Такое встречалось нечасто. Но столь же нечастым был особый интерес к еврейской религии и еврейской философии новейшего времени, которые он глубоко изучил. Иудаизму была посвящена его докторская диссертация 1932 г. под названием «Суть еврейской религии». Знатоков иудаизма среди христианских ученых в первой половине XX в. было немало, но Мискотте был одним из тех редчайших представителей тогдашнего христианства, который признавал абсолютную самоценность Торы и отвергал христианское миссионерство по отношению к евреям.

Не удивительно, что с самого начала 1930-х гг. он, с его социалистическими и проеврейскими взглядами, был убежденным противником нацизма, писал теоретические работы, где противопоставлял свет Торы тьме арийских мифов, критиковал нацистскую идеологию как языческую и неприемлемую для христианина.

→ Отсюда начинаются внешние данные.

(* Let $\beta\in(0,1)$, $z>0$, $c>0$, and let $N$ be a positive integer. Let $F$ be a continuous cumulative distribution function with support $[\underline{w},\overline{w}]$, $\underline{w}<\overline{w}$, and mean $\mu_w$. Assume $\underline{w}<(1-\beta)z+\beta\mu_w$ and $z+c<\overline{w}$. For $x\in[\underline{w},\overline{w}]$ put $$\Upsilon(x)=\int_{\underline{w}}^{x}x\,dF(w)+\int_{x}^{\overline{w}}w\,dF(w).$$ Then the equation $x=z(1-\beta)+\beta\,\Upsilon(x)$ has exactly one solution $x\in[\underline{w},\overline{w}]$; call it $w_R(0)$. Defining recursively $w_R(n)=(z+c)(1-\beta)+\beta\,\Upsilon(w_R(n-1))$ for $n=1,\dots,N$, we have $$\overline{w}>w_R(N)>\cdots>w_R(n+1)>w_R(n)>\cdots>w_R(0)>\underline{w}.$$ Moreover, the same conclusions hold when the support of $F$ is $[\underline{w},\infty)$ (with $F$ continuous with finite mean $\mu_w$, $\underline{w}<(1-\beta)z+\beta\mu_w$, $\Upsilon(x)=\int_{\underline{w}}^{x}x\,dF(w)+\int_x^\infty w\,dF(w)$): the equation $x=z(1-\beta)+\beta\Upsilon(x)$ has a unique solution $w_R(0)\in[\underline{w},\infty)$ and $\underline{w}<w_R(0)<w_R(1)<\cdots<w_R(N)<\infty$.
   Context: Interpretation (the paper's model): a risk-neutral, infinitely lived worker maximizes $\mathrm{E}_0\sum_{t\ge0}\beta^t x_t$, where $x_t$ is income. While unemployed, the worker draws one i.i.d. wage offer per period from $F$; an accepted job paying $w$ is kept forever (value $W(w)=w/(1-\beta)$). While unemployed with $n\ge1$ remaining periods of unemployment-insurance benefits, flow income is $z+c$ ($z$ = value of nonwork, $c$ = benefit) and the state moves to $n-1$ after a rejection; with $n=0$ remaining periods flow income is $z$ and the state stays at $0$. The value of unemployment satisfies $U(n)=z+c+\beta\mathrm{E}[\max\{U(n-1),W(w)\}]$ for $n\ge1$ and $U(0)=z+\beta\mathrm{E}[\max\{U(0),W(w)\}]$. The reservation wage $w_R(n)$ is defined by $W(w_R(n))=U(n)$, and it satisfies exactly the equations given in the claim; the optimal policy in state $n$ is to accept any offer $w\ge w_R(n)$. No possibility of extension of benefits is considered here. *)

theory Defs
  imports "HOL-Probability.Probability"
begin

definition dist_support :: "real measure \<Rightarrow> real set" where
  "dist_support M = {x. \<forall>e>0. 0 < measure M (ball x e)}"

definition Upsilon :: "real measure \<Rightarrow> real \<Rightarrow> real \<Rightarrow> real \<Rightarrow> real" where
  "Upsilon M lo hi x = (LINT w:{lo..x}|M. x) + (LINT w:{x..hi}|M. w)"

definition Upsilon_inf :: "real measure \<Rightarrow> real \<Rightarrow> real \<Rightarrow> real" where
  "Upsilon_inf M lo x = (LINT w:{lo..x}|M. x) + (LINT w:{x..}|M. w)"

end

theory Submission
  imports Defs
begin

text \<open>For an atomless wage distribution, Upsilon x is the expectation U x of max x w. This
  function is nondecreasing and 1-Lipschitz, and strictly increasing from the bottom of the
  support on. Hence x - \<beta> U x is a continuous strictly increasing function, and a reservation
  wage solves x - \<beta> U x = const: one solution exists by the intermediate value theorem, and
  it is unique. Starting from w_R(0), the first step adds exactly c (1 - \<beta>), and strict
  monotonicity of U passes the increase on to every later step. In the bounded case
  U hi = hi, so hi is an upper barrier for the iteration.\<close>

lemma AE_in_dist_support:
  assumes "real_distribution M"
  shows "AE x in M. x \<in> dist_support M"
proof -
  interpret real_distribution M by fact
  define F where "F = {ball x e | x e. e > 0 \<and> measure M (ball x e) = 0}"
  obtain F' where F': "F' \<subseteq> F" "countable F'" "\<Union>F' = \<Union>F"
    using Lindelof[of F] unfolding F_def by blast
  have "(\<Union>S\<in>F'. S) \<in> null_sets M"
  proof (rule null_sets_UN'[OF F'(2)])
    fix S assume "S \<in> F'"
    then obtain x e where "S = ball x e" "measure M (ball x e) = 0"
      using F'(1) unfolding F_def by blast
    then show "S \<in> null_sets M" by (simp add: emeasure_eq_measure null_sets_def)
  qed
  moreover have "{x \<in> space M. x \<notin> dist_support M} \<subseteq> \<Union>F'"
  proof
    fix x assume "x \<in> {x \<in> space M. x \<notin> dist_support M}"
    then obtain e where "e > 0" "\<not> 0 < measure M (ball x e)"
      unfolding dist_support_def by auto
    then have "ball x e \<in> F"
      unfolding F_def using measure_nonneg[of M "ball x e"] by force
    then show "x \<in> \<Union>F'" using \<open>e > 0\<close> F'(3) by (metis UnionI centre_in_ball)
  qed
  ultimately show ?thesis by (intro AE_I') auto
qed

definition expected_max :: "real measure \<Rightarrow> real \<Rightarrow> real" where
  "expected_max M x = (\<integral>w. max x w \<partial>M)"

В мае 1940 г. Нидерланды были оккупированы нацистами. Антиеврейские меры последовательно усиливались, как и борьба с антинацистскими настроениями. И осенью 1941 г. Мискотте издал книгу «Библейский алфавит: основы христианского сопротивления», в которой изложил теоретические основы и практические рекомендации жизни христианской общины. Там ничего не говорилось специально о сопротивлении нацизму, да и открыто писать об этом было бы невозможно в новых условиях. Речь в книге идет, казалось бы, о сугубо богословских предметах: главы носят название: «Чтение Писания», «Учение», «Имена Божьи», «Путь», «Освящение», «Жизнь общины» и т.д. Но название книги говорит само за себя: как вера и практика христианина в экстремальных условиях оккупации должна позволить человеку остаться самим собой. Он пишет в предисловии к книге:

«Нам нельзя терять времени… Пусть каждый сделает что-то в своей жизни, что  послужит ему и другим, церкви и людям на этой земле. Не позволяйте себе в эти дни проводить водораздел между церковью и людьми нецерковными. Надо воздерживаться от воззрений, исходящих из карманной догматики…»

И заканчивается предисловие отсылкой к Ветхому Завету:

«То, что Ветхий Завет является исходной точкой для наших взглядов, конечно же, не означает, что мы предпочитаем обетование исполнению. Это проистекает из акцента этой книжки на языке Писания — язык Нового Завета уходит корнями всецело в язык Ветхого».

Конечно же, читатели книги  понимали, что пастор  Мискотте призывает не ограничиваться заботой о безопасности своей и собственной общины, и подразумевает под «нецерковными» прежде всего евреев — наиболее гонимую часть голландского общества, которым надо помогать.  И сам он был верен тому, что написал. Мискотте установил связи с Сопротивлением и прятал евреев.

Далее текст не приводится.